**Problem details**
Write out, word for word, the part of the listing below that opens with the line containing "using Suc.prems[of m]" and closes with the line containing "nat \<Rightarrow> nat \<Rightarrow>", keeping both of those lines and adding no others.

**Data**
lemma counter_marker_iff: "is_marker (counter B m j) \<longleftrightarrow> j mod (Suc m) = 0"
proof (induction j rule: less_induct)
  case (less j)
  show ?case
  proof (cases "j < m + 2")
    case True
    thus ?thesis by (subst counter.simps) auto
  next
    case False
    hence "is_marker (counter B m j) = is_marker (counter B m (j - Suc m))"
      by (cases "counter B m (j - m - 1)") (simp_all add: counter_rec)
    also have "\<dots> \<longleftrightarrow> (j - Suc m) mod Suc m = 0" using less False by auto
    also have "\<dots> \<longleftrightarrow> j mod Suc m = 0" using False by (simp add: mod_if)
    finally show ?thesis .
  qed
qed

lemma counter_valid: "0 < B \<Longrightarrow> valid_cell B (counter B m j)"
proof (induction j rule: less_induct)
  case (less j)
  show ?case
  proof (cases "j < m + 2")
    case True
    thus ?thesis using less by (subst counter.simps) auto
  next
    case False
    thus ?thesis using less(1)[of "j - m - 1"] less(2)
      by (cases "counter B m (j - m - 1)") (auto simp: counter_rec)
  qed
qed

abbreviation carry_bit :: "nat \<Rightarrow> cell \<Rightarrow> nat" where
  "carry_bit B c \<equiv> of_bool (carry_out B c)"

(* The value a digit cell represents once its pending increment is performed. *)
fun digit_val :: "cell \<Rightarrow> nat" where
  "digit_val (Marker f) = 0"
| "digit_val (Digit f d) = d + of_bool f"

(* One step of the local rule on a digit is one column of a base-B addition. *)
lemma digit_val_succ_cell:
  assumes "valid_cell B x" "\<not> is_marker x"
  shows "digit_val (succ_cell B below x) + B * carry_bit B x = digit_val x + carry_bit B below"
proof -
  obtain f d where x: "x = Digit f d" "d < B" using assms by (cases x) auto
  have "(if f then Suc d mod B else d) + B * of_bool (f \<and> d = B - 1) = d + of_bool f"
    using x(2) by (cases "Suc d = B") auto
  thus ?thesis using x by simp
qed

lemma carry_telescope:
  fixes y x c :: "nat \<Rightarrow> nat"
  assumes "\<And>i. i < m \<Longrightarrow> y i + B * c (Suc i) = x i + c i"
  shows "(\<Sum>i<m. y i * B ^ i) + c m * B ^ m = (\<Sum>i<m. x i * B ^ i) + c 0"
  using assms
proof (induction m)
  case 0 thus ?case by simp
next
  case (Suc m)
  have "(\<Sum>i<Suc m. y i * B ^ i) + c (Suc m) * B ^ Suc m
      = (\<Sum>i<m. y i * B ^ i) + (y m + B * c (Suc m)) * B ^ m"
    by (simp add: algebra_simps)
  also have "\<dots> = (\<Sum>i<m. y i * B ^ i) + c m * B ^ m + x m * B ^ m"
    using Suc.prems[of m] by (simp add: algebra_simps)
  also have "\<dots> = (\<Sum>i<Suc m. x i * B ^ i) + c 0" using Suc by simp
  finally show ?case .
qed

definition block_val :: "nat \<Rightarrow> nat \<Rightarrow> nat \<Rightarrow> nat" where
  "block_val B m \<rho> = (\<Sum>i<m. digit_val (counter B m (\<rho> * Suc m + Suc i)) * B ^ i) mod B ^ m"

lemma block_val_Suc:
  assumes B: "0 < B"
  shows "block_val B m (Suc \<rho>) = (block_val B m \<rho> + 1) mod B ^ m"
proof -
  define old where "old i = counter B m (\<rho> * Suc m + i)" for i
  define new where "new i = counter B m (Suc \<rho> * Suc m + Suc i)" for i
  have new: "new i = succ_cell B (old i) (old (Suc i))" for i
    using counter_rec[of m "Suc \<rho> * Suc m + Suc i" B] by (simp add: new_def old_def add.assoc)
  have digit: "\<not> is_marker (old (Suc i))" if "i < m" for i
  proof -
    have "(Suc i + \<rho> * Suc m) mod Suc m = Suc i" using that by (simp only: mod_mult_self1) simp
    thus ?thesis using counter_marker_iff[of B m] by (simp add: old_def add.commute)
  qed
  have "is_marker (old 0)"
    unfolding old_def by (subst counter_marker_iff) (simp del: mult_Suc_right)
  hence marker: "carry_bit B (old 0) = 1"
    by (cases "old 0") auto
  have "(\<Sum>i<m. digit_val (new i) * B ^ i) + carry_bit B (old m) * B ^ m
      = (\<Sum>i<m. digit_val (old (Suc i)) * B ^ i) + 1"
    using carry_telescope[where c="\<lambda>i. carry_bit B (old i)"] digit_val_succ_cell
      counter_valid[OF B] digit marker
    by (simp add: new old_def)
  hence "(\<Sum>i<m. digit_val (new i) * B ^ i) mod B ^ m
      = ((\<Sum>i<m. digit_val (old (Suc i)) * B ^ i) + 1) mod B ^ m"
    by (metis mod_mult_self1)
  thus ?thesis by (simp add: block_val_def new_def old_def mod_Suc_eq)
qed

**Written response**
    using Suc.prems[of m] by (simp add: algebra_simps)
  also have "\<dots> = (\<Sum>i<Suc m. x i * B ^ i) + c 0" using Suc by simp
  finally show ?case .
qed

definition block_val :: "nat \<Rightarrow> nat \<Rightarrow> nat \<Rightarrow> nat" where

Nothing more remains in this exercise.